## Brief
Return only the lines from the one containing "mat_inv N (prox" to the end of the entries below, exactly as written, both ends included.

[Saved entries]
=-=-=

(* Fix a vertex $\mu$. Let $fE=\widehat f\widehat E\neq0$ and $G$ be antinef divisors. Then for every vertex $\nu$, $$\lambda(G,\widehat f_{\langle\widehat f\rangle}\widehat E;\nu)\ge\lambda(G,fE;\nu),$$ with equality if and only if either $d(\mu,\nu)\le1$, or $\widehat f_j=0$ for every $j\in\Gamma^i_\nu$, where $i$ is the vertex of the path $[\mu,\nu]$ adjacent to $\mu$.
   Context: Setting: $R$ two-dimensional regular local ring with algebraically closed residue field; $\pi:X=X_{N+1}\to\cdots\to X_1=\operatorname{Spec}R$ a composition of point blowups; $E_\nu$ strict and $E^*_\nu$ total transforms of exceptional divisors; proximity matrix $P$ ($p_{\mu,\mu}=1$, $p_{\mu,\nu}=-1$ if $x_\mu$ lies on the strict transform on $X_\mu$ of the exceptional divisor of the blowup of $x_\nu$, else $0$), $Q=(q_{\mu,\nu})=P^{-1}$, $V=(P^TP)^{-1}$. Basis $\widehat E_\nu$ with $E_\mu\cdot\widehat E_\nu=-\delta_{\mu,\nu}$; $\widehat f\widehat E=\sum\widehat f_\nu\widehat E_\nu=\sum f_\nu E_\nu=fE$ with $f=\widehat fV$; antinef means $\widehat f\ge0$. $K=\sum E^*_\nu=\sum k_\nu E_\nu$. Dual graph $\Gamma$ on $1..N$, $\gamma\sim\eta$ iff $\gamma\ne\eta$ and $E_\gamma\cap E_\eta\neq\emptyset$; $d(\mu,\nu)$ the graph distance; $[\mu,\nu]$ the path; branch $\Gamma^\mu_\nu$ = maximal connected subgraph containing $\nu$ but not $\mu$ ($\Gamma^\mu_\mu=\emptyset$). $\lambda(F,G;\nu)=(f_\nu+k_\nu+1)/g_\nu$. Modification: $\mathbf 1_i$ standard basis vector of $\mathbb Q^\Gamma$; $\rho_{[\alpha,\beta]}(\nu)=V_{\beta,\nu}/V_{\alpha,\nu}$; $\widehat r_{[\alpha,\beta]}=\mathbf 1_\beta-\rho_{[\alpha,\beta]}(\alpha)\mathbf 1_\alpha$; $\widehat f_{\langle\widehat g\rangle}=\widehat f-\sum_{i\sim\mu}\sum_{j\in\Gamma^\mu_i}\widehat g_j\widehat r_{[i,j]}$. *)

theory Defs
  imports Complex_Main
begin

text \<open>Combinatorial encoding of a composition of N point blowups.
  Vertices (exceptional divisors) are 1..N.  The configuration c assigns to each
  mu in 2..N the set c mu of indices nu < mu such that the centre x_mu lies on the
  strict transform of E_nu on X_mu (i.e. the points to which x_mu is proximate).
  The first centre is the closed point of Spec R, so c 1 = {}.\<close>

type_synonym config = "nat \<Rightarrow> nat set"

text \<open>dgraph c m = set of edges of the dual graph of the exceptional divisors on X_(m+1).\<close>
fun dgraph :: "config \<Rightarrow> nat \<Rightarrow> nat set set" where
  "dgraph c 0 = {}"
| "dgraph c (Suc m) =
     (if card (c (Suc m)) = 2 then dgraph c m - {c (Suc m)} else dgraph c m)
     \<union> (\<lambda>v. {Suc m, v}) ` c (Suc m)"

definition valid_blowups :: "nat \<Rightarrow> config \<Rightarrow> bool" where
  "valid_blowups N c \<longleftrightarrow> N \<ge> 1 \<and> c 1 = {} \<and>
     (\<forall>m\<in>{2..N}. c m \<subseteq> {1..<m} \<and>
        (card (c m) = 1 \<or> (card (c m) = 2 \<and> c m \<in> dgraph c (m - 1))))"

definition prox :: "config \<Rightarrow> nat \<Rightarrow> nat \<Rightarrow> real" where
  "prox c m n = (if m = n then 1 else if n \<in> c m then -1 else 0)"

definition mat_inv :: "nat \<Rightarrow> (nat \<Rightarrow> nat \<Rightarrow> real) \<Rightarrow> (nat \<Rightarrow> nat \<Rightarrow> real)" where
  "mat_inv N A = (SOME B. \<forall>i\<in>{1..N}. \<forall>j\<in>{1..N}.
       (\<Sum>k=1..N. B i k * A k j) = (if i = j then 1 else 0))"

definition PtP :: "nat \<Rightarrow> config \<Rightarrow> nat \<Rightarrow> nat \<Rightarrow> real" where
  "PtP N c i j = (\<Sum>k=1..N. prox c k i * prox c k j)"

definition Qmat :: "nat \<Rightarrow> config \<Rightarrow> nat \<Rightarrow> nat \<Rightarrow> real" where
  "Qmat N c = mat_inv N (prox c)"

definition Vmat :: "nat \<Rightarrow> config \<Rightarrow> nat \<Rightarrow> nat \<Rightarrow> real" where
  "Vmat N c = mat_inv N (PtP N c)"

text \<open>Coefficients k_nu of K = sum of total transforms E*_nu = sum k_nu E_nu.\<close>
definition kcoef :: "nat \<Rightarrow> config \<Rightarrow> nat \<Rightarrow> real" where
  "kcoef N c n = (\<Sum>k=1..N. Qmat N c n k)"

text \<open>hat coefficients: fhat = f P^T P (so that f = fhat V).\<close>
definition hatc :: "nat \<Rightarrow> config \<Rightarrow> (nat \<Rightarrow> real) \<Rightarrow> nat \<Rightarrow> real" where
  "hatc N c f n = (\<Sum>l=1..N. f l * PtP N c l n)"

=-=-=

## Task response
  "Qmat N c = mat_inv N (prox c)"

definition Vmat :: "nat \<Rightarrow> config \<Rightarrow> nat \<Rightarrow> nat \<Rightarrow> real" where
  "Vmat N c = mat_inv N (PtP N c)"

text \<open>Coefficients k_nu of K = sum of total transforms E*_nu = sum k_nu E_nu.\<close>
definition kcoef :: "nat \<Rightarrow> config \<Rightarrow> nat \<Rightarrow> real" where
  "kcoef N c n = (\<Sum>k=1..N. Qmat N c n k)"

text \<open>hat coefficients: fhat = f P^T P (so that f = fhat V).\<close>
definition hatc :: "nat \<Rightarrow> config \<Rightarrow> (nat \<Rightarrow> real) \<Rightarrow> nat \<Rightarrow> real" where
  "hatc N c f n = (\<Sum>l=1..N. f l * PtP N c l n)"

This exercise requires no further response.